I’ve been thinking about Alexandra Patsavas for a long time. She started blipping on my radar during the first season of The O.C., which she helped make a phenomenon early in the show’s run. She’s worked similar magic for Grey’s Anatomy and collaborates with creator Josh Schwartz, who also gave us The O.C., Chuck, Gossip Girl, and Rockville CA. Her credits are all over network and cable television. She’s also worked in film, most notably with the Twilight franchise.
What does she do, you ask? She’s a music supervisor, and one of the few women to rise to such prominence in the industry. The role of music supervisor has expanded considerably in the past fifteen years or so to include legal finagling with record labels. I’d also argue that their role, depending on the project and the collaborative spirit of a director or show runner, warrants entitlement to authorial claims. As such, Patsavas is also the person largely responsible for the commercialization of indie rock during the 2000s, almost single-handedly catapulting bands like Death Cab for Cutie into mainstream success. She even has a hand in distribution, as the indie-friendly Twilight soundtracks that she developed were released on her record label, Chop Shop.
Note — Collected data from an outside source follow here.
text \<open>When \<open>x 0 = 0\<close>, the claim holds only through the junk value \<open>ln 0 = 0\<close>.\<close>

lemma tendsto_ln_div_four_pow:
  fixes x :: "nat \<Rightarrow> 'a :: real_normed_div_algebra" and y :: "nat \<Rightarrow> real" and c K d :: real
  assumes x_Suc: "\<And>n. x (Suc n) = x n ^ 4" and y_nonneg: "\<And>n. 0 \<le> y n"
    and "c > 0" and y_lower: "\<And>n. c * norm (x n) \<le> y n"
    and "K > 0" and y_Suc: "\<And>n. y (Suc n) \<le> K * (y n)^2 * (norm (x n))^2"
  shows "(\<lambda>n. ln (y n) / (4^n * d)) \<longlonglongrightarrow> ln (norm (x 0)) / d"
proof (cases "x 0 = 0")
  case True
  then have "x n = 0" for n
    by (induction n) (simp_all add: x_Suc)
  then have "y (Suc n) = 0" for n
    using y_Suc[of n] y_nonneg[of "Suc n"] by simp
  with True have "(\<lambda>n. ln (y (Suc n)) / (4^Suc n * d)) \<longlonglongrightarrow> ln (norm (x 0)) / d"
    by simp
  then show ?thesis
    by (rule LIMSEQ_imp_Suc)
next
  case False
  define a where "a = norm (x 0)"
  have "a > 0"
    using False by (simp add: a_def)
  have norm_x: "norm (x n) = a ^ 4^n" for n
    by (induction n) (simp_all add: a_def x_Suc norm_power power_mult[symmetric] mult.commute)
  then have x_pos: "norm (x n) > 0" for n
    using \<open>a > 0\<close> by simp
  define L where "L n = ln (y n / norm (x n))" for n
  have ratio_lower: "c \<le> y n / norm (x n)" for n
    using y_lower[of n] x_pos[of n] by (simp add: field_simps)
  have ratio_pos: "0 < y n / norm (x n)" for n
    using ratio_lower[of n] \<open>c > 0\<close> by linarith
  have y_pos: "0 < y n" for n
    using ratio_pos[of n] x_pos[of n] by (simp add: zero_less_divide_iff)
  have ratio_Suc: "y (Suc n) / norm (x (Suc n)) \<le> K * (y n / norm (x n))^2" for n
  proof -
    have "y (Suc n) / norm (x (Suc n)) \<le> K * (y n)^2 * (norm (x n))^2 / norm (x n) ^ 4"
      using y_Suc[of n] x_pos[of n] by (simp add: x_Suc norm_power divide_right_mono)
    also have "\<dots> = K * (y n / norm (x n))^2"
      using x_pos[of n] by (simp add: power_divide power4_eq_xxxx power2_eq_square)
    finally show ?thesis .
  qed
  have "(\<lambda>n. L n / 4^n) \<longlonglongrightarrow> 0"
  proof (rule tendsto_div_four_pow_of_doubling_bound)
    show "ln c \<le> L n" for n
      unfolding L_def using ratio_lower[of n] \<open>c > 0\<close> by (rule ln_mono)
    show "L (Suc n) \<le> ln K + 2 * L n" for n
    proof -
      have "L (Suc n) \<le> ln (K * (y n / norm (x n))^2)"
        unfolding L_def using ratio_Suc[of n] ratio_pos[of "Suc n"] by (rule ln_mono)
      also have "\<dots> = ln K + 2 * L n"
        using y_pos[of n] x_pos[of n] \<open>K > 0\<close> by (simp add: L_def ln_mult ln_realpow)
      finally show ?thesis .
    qed
  qed
  then have "(\<lambda>n. ln a / d + (L n / 4^n) / d) \<longlonglongrightarrow> ln a / d + 0"
    by (intro tendsto_add tendsto_const tendsto_divide_zero)
  moreover have "ln (y n) / (4^n * d) = ln a / d + (L n / 4^n) / d" for n
  proof -
    have "ln (y n) = 4^n * ln a + L n"
      using y_pos[of n] x_pos[of n] \<open>a > 0\<close> by (simp add: L_def ln_div norm_x ln_realpow)
    then show ?thesis
      by (simp add: add_divide_distrib)
  qed
  ultimately show ?thesis
    by (simp add: a_def)
qed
Thus, she’s been a figure I’ve followed obsessively during this decade, sometimes causing me to sniff that I’d never sell independent music out like she has and other times provoking me to growl “bitch took my job,” depending on my cash flow at the time. Either way, I’m fascinated with her and think we should think about her work more closely.
It seems I’m not alone in thinking Ms. Patsavas is interesting. In a previous post on designer Anna Sui and her Gossip Girl-inspired collection for Target, reader Alaina made an astute comment about the shared importance of music and fashion on the show. To her, if anyone on the trendsetting teen soap has the cultural clout akin to, say, Sex and the City costume designer Pat Field, it isn’t designer Eric Daman but music supervisor Patsavas.
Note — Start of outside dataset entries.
theorem lemma4p1:
  fixes T Ta :: "'p::monoid_mult \<Rightarrow> ('h::{real_inner, complete_space} \<Rightarrow>\<^sub>L 'h)"
    and J :: "'p set \<Rightarrow> 'p option"
    and F :: "'p set" and h :: 'h
  assumes "right_LCM TYPE('p)"
    and "join_choice J"
    and "contractive_rep T"
    and "adjoint_family T Ta"
    and "\<And>G. finite G \<Longrightarrow> positive_op (Zop J T Ta G)"
    and "finite F"
  shows "(\<Sum>p\<in>F. (norm (Ta p h))\<^sup>2) \<le> real (cF J F) * (norm h)\<^sup>2"
proof -
  let ?A = "\<lambda>U. (norm (Tjoin J Ta U h))\<^sup>2"
  let ?c = "cF J F"
  have vanish: "?A V = 0" if "V \<subseteq> F" "card V > ?c" for V
  proof -
    have "J V = None"
      using card_le_cF[OF assms(6) that(1)] that(2) by fastforce
    then show ?thesis unfolding Tjoin_def by simp
  qed
  have "(\<Sum>k=1..?c. alternating_sum (\<lambda>V. ?A (\<Union>V)) (ksubsets F k)) \<ge> 0"
  proof -
    have "finite U" if "U \<in> ksubsets F k" for k U
      using that finite_subset[OF _ assms(6)] unfolding ksubsets_def by blast
    then show ?thesis
      by (intro sum_nonneg alternating_sum_Union_nonneg[OF assms(2-5)]) (simp_all add: finite_ksubsets assms(6))
  qed
  then have "(\<Sum>p\<in>F. ?A {p}) \<le> real ?c * ?A {}"
    using sum_alternating_sum_Union_ksubsets[where A = ?A, OF assms(6) vanish] by simp
  moreover have "?A {p} = (norm (Ta p h))\<^sup>2" for p
    using norm_Tjoin_adjoint[OF assms(2-4), of "{p}" p] by simp
  moreover have "?A {} = (norm h)\<^sup>2"
    using norm_Tjoin_adjoint[OF assms(2-4), of "{}" 1] by (simp add: rideal_one adjoint_family_one[OF assms(3,4)])
  ultimately show ?thesis by simp
qed

end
Now, I don’t want to put words in her mouth so hopefully she’ll feel compelled to elaborate her point further. But I interpreted her comment to mean that Patsavas’s work on Schwartz’s television shows, which all feature characters who are tremendously literate in popular and independent music, creates a sense of authenticity both for the show and for the characters whose lives are changed and identities formed by the right song from Spoon, Sonic Youth, LCD Soundsystem, Death Cab for Cutie, Air, Daft Punk, or any other cool-kid music act. In fact, Seth Cohen and Dan and Jenny Humphrey might not even exist without her, as they certainly wouldn’t know what band names to drop. Thus, Patsavas creates a brand awareness akin to the sort of work Field did through Carrie Bradshaw in making Manolo Blahnik, Jimmy Choo, and Christian Louboutin such household names.
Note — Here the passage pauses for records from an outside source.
section \<open>Dominated convergence and i.i.d. products\<close>

lemma integral_dominated_convergence_at:
  fixes s :: "real \<Rightarrow> 'a \<Rightarrow> real"
  assumes "\<And>e. s e \<in> borel_measurable M" and "f \<in> borel_measurable M" and "integrable M w"
    and lim: "\<And>y. y \<in> space M \<Longrightarrow> ((\<lambda>e. s e y) \<longlongrightarrow> f y) (at x0)"
    and bound: "\<forall>\<^sub>F e in at x0. \<forall>y\<in>space M. \<bar>s e y\<bar> \<le> w y"
  shows "((\<lambda>e. integral\<^sup>L M (s e)) \<longlongrightarrow> integral\<^sup>L M f) (at x0)"
  unfolding tendsto_at_iff_sequentially comp_def
proof (intro allI impI)
  fix X :: "nat \<Rightarrow> real" assume "\<forall>i. X i \<in> UNIV - {x0}" and "X \<longlonglongrightarrow> x0"
  then have X: "filterlim X (at x0) sequentially"
    by (intro filterlim_atI) auto
  from filterlim_iff[THEN iffD1, OF X, rule_format, OF bound]
  obtain N where w: "\<And>n. N \<le> n \<Longrightarrow> \<forall>y\<in>space M. \<bar>s (X n) y\<bar> \<le> w y"
    by (auto simp: eventually_sequentially)
  show "(\<lambda>n. integral\<^sup>L M (s (X n))) \<longlonglongrightarrow> integral\<^sup>L M f"
  proof (rule LIMSEQ_offset, rule integral_dominated_convergence)
    show "AE y in M. norm (s (X (n + N)) y) \<le> w y" for n
      using w[of "n + N"] by (intro AE_I2) auto
    show "AE y in M. (\<lambda>n. s (X (n + N)) y) \<longlonglongrightarrow> f y"
      using lim by (intro AE_I2 LIMSEQ_ignore_initial_segment filterlim_compose[OF _ X])
  qed (use assms in auto)
qed

lemma
  fixes P :: "'y measure" and f g :: "'y \<Rightarrow> real"
  assumes "prob_space P" and "finite I" and "s \<in> I" and "s' \<in> I" and "s \<noteq> s'"
    and "integrable P f" and "integrable P g"
  shows integral_PiM_two_coordinates:
      "(\<integral>ys. f (ys s) * g (ys s') \<partial>PiM I (\<lambda>_. P)) = integral\<^sup>L P f * integral\<^sup>L P g"
    and integrable_PiM_two_coordinates:
      "integrable (PiM I (\<lambda>_. P)) (\<lambda>ys. f (ys s) * g (ys s'))"
proof -
  interpret prob_space P by fact
  interpret product_sigma_finite "\<lambda>_. P" by standard
  define F where "F i = (if i = s then f else if i = s' then g else (\<lambda>_. 1))" for i
  have intF: "integrable P (F i)" for i
    unfolding F_def using assms by auto
  have prod_F: "(\<Prod>i\<in>I. F i (ys i)) = f (ys s) * g (ys s')" for ys
  proof -
    have "(\<Prod>i\<in>I. F i (ys i)) = (\<Prod>i\<in>I. (if i = s then f (ys i) else 1) * (if i = s' then g (ys i) else 1))"
      using assms by (intro prod.cong) (auto simp: F_def)
    then show ?thesis
      using assms by (simp add: prod.distrib)
  qed
  have "(\<Prod>i\<in>I. integral\<^sup>L P (F i))
      = (\<Prod>i\<in>I. (if i = s then integral\<^sup>L P f else 1) * (if i = s' then integral\<^sup>L P g else 1))"
    using assms by (intro prod.cong) (auto simp: F_def prob_space)
  then have "(\<Prod>i\<in>I. integral\<^sup>L P (F i)) = integral\<^sup>L P f * integral\<^sup>L P g"
    using assms by (simp add: prod.distrib)
  then show "(\<integral>ys. f (ys s) * g (ys s') \<partial>PiM I (\<lambda>_. P)) = integral\<^sup>L P f * integral\<^sup>L P g"
    using product_integral_prod[of I F] intF assms(2) unfolding prod_F by simp
  show "integrable (PiM I (\<lambda>_. P)) (\<lambda>ys. f (ys s) * g (ys s'))"
    using product_integrable_prod[of I F] intF assms(2) unfolding prod_F by simp
qed

lemma
  fixes P :: "'y measure" and f :: "'y \<Rightarrow> real"
  assumes "prob_space P" and "finite I" and "s \<in> I" and "integrable P f"
  shows integral_PiM_coordinate: "(\<integral>ys. f (ys s) \<partial>PiM I (\<lambda>_. P)) = integral\<^sup>L P f"
    and integrable_PiM_coordinate: "integrable (PiM I (\<lambda>_. P)) (\<lambda>ys. f (ys s))"
proof -
  interpret prob_space P by fact
  interpret product_sigma_finite "\<lambda>_. P" by standard
  define F where "F i = (if i = s then f else (\<lambda>_. 1))" for i
  have intF: "integrable P (F i)" for i
    unfolding F_def using assms by auto
  have prod_F: "(\<Prod>i\<in>I. F i (ys i)) = f (ys s)" for ys
    using assms by (simp add: F_def if_distrib[of "\<lambda>f. f _"])
  have "(\<Prod>i\<in>I. integral\<^sup>L P (F i)) = (\<Prod>i\<in>I. if i = s then integral\<^sup>L P f else 1)"
    using assms by (intro prod.cong) (auto simp: F_def prob_space)
  then have "(\<Prod>i\<in>I. integral\<^sup>L P (F i)) = integral\<^sup>L P f"
    using assms by simp
  then show "(\<integral>ys. f (ys s) \<partial>PiM I (\<lambda>_. P)) = integral\<^sup>L P f"
    using product_integral_prod[of I F] intF assms(2) unfolding prod_F by simp
  show "integrable (PiM I (\<lambda>_. P)) (\<lambda>ys. f (ys s))"
    using product_integrable_prod[of I F] intF assms(2) unfolding prod_F by simp
qed

lemma covar_eq_integral_mult_minus:
  fixes A B :: "'y \<Rightarrow> real"
  assumes "prob_space P" and "integrable P A" and "integrable P B" and "integrable P (\<lambda>y. A y * B y)"
  shows "covar P A B = (\<integral>y. A y * B y \<partial>P) - integral\<^sup>L P A * integral\<^sup>L P B"
proof -
  interpret prob_space P by fact
  have "covar P A B = (\<integral>y. A y * B y - integral\<^sup>L P B * A y - integral\<^sup>L P A * B y
      + integral\<^sup>L P A * integral\<^sup>L P B \<partial>P)"
    unfolding covar_def by (simp add: algebra_simps)
  then show ?thesis
    using assms by (simp add: prob_space)
qed

lemma integrable_mult_shifted:
  fixes A B :: "'y \<Rightarrow> real"
  assumes "prob_space P" and "integrable P A" and "integrable P B" and "integrable P (\<lambda>y. A y * B y)"
  shows "integrable P (\<lambda>y. (A y - a) * (B y - b))"
proof -
  interpret prob_space P by fact
  have "integrable P (\<lambda>y. A y * B y - b * A y - a * B y + a * b)"
    using assms by auto
  then show ?thesis
    by (simp add: algebra_simps)
qed

lemma integral_PiM_empirical_mean:
  fixes F :: "'y \<Rightarrow> real"
  assumes "prob_space P" and "integrable P F" and "N \<ge> 1"
  shows "(\<integral>ys. (1 / real N) * (\<Sum>s<N. F (ys s)) \<partial>PiM {..<N} (\<lambda>_. P)) = integral\<^sup>L P F"
proof -
  have "(\<integral>ys. (\<Sum>s<N. F (ys s)) \<partial>PiM {..<N} (\<lambda>_. P))
      = (\<Sum>s<N. \<integral>ys. F (ys s) \<partial>PiM {..<N} (\<lambda>_. P))"
    using integrable_PiM_coordinate[OF assms(1) finite_lessThan _ assms(2)]
    by (intro Bochner_Integration.integral_sum) auto
  also have "\<dots> = real N * integral\<^sup>L P F"
    using integral_PiM_coordinate[OF assms(1) finite_lessThan _ assms(2)] by simp
  finally show ?thesis
    using assms(3) by simp
qed

lemma integral_PiM_centred_coordinates:
  fixes A B :: "'y \<Rightarrow> real" and s s' N :: nat
  assumes "prob_space P" and "integrable P A" and "integrable P B" and "integrable P (\<lambda>y. A y * B y)"
    and "s < N" and "s' < N"
  shows "integrable (PiM {..<N} (\<lambda>_. P)) (\<lambda>ys. (A (ys s) - integral\<^sup>L P A) * (B (ys s') - integral\<^sup>L P B))
    \<and> (\<integral>ys. (A (ys s) - integral\<^sup>L P A) * (B (ys s') - integral\<^sup>L P B) \<partial>PiM {..<N} (\<lambda>_. P))
      = (if s = s' then covar P A B else 0)"
proof (cases "s = s'")
  case True
  have centred: "integrable P (\<lambda>y. (A y - integral\<^sup>L P A) * (B y - integral\<^sup>L P B))"
    using assms by (intro integrable_mult_shifted) auto
  show ?thesis
    using True assms(5) integral_PiM_coordinate[OF assms(1) finite_lessThan[of N] _ centred, of s]
      integrable_PiM_coordinate[OF assms(1) finite_lessThan[of N] _ centred, of s]
    unfolding covar_def by simp
next
  case False
  interpret prob_space P by fact
  have cA: "integrable P (\<lambda>y. A y - integral\<^sup>L P A)"
    and cA0: "integral\<^sup>L P (\<lambda>y. A y - integral\<^sup>L P A) = 0"
    and cB: "integrable P (\<lambda>y. B y - integral\<^sup>L P B)"
    using assms by (auto simp: prob_space)
  show ?thesis
    using False assms(5,6) cA0
      integral_PiM_two_coordinates[OF assms(1) finite_lessThan _ _ False cA cB]
      integrable_PiM_two_coordinates[OF assms(1) finite_lessThan _ _ False cA cB]
    by simp
qed

lemma covar_PiM_empirical_means:
  fixes A B :: "'y \<Rightarrow> real"
  assumes P: "prob_space P" and "N \<ge> 1"
    and A: "integrable P A" and B: "integrable P B" and AB: "integrable P (\<lambda>y. A y * B y)"
  shows "covar (PiM {..<N} (\<lambda>_. P)) (\<lambda>ys. (1 / real N) * (\<Sum>s<N. A (ys s)))
      (\<lambda>ys. (1 / real N) * (\<Sum>s<N. B (ys s))) = covar P A B / real N"
proof -
  let ?Q = "PiM {..<N} (\<lambda>_. P)"
  define C where "C s s' ys = (A (ys s) - integral\<^sup>L P A) * (B (ys s') - integral\<^sup>L P B)"
    for s s' :: nat and ys :: "nat \<Rightarrow> 'y"
  have C: "integrable ?Q (C s s')" "integral\<^sup>L ?Q (C s s') = (if s = s' then covar P A B else 0)"
    if "s < N" "s' < N" for s s'
    using integral_PiM_centred_coordinates[OF P A B AB that] unfolding C_def by auto
  have centre: "(1 / real N) * (\<Sum>s<N. F (ys s)) - c = (1 / real N) * (\<Sum>s<N. F (ys s) - c)"
    for F :: "'y \<Rightarrow> real" and c ys
    using \<open>N \<ge> 1\<close> by (simp add: sum_subtractf right_diff_distrib)
  have "covar ?Q (\<lambda>ys. (1 / real N) * (\<Sum>s<N. A (ys s))) (\<lambda>ys. (1 / real N) * (\<Sum>s<N. B (ys s)))
      = (\<integral>ys. (\<Sum>s<N. \<Sum>s'<N. C s s' ys) / (real N)\<^sup>2 \<partial>?Q)"
    unfolding covar_def integral_PiM_empirical_mean[OF P A \<open>N \<ge> 1\<close>]
      integral_PiM_empirical_mean[OF P B \<open>N \<ge> 1\<close>] centre C_def
    by (simp add: sum_product power2_eq_square)
  also have "\<dots> = (\<integral>ys. (\<Sum>s<N. \<Sum>s'<N. C s s' ys) \<partial>?Q) / (real N)\<^sup>2"
    by simp
  also have "(\<integral>ys. (\<Sum>s<N. \<Sum>s'<N. C s s' ys) \<partial>?Q) = (\<Sum>s<N. \<integral>ys. (\<Sum>s'<N. C s s' ys) \<partial>?Q)"
    by (intro Bochner_Integration.integral_sum Bochner_Integration.integrable_sum C) auto
  also have "\<dots> = (\<Sum>s<N. \<Sum>s'<N. integral\<^sup>L ?Q (C s s'))"
    by (intro sum.cong refl Bochner_Integration.integral_sum C) auto
  also have "\<dots> = real N * covar P A B"
    using C by simp
  finally show ?thesis
    by (simp add: power2_eq_square)
qed

lemma emeasure_density_space_eq_0:
  assumes "emeasure M (space M) = 0" and "f \<in> borel_measurable M"
  shows "emeasure (density M f) (space (density M f)) = 0"
proof -
  have "AE y in M. False"
    using assms(1) by (subst AE_iff_measurable[of "space M"]) auto
  then have "(\<integral>\<^sup>+ y. f y * indicator (space M) y \<partial>M) = (\<integral>\<^sup>+ y. 0 \<partial>M)"
    by (intro nn_integral_cong_AE) (auto elim: AE_mp)
  then show ?thesis
    using assms(2) by (simp add: emeasure_density)
qed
For me, though, perhaps her most fascinating work is on Mad Men, which is often period-appropriate but sometimes dabbles with pointed anachronism, thus potentially opening up inquiry about the show’s relationship to historical authenticity. The most jarring (and discussed) musical moment so far has been season two’s “Maidenform,” which opens to Betty Draper, Joan Holloway, and Peggy Olsen getting dressed to the galloping strains of The Decemberists’s “The Infanta,” a track off Picaresque that was released in 2005 and not 1962. I’m assuming she’s responsible for selecting the show’s theme as well, though imagine score composer David Carbonara or creator/show runner/auteur Matthew Weiner could be responsible. Regardless, this is easily the show’s most heard but least commented upon bit of anachronism.
As I mentioned in my comment to Gary Edgerton’s essay for In Media Res about the show’s opening credits, the theme song is not the work of Bernard Herrmann or a Carbonara approximation. It’s an instrumental version of a song called “A Beautiful Mine.” The people responsible for it are an instrumental hip hop artist named RDJ2, a rapper from Freestyle Fellowship named Aceyalone, and a period-appropriate violinist named Enoch Light, whose “Autumn Leaves” provides the basis for the tune. The song originally appeared on Acey’s Magnificent City.
Pointedly, his vocals are absent from the show’s theme. I suppose a black man’s rap might be too anachronistic for some. But I also think there’s something unsettling about such an argument. It may either provide a comment on the deliberate absence of people of color in a show set in pre-integration America or validate many of the show’s detractors who cry “racism!” I think it does both.
Thus, song selection matters. But of course, so do song selectors.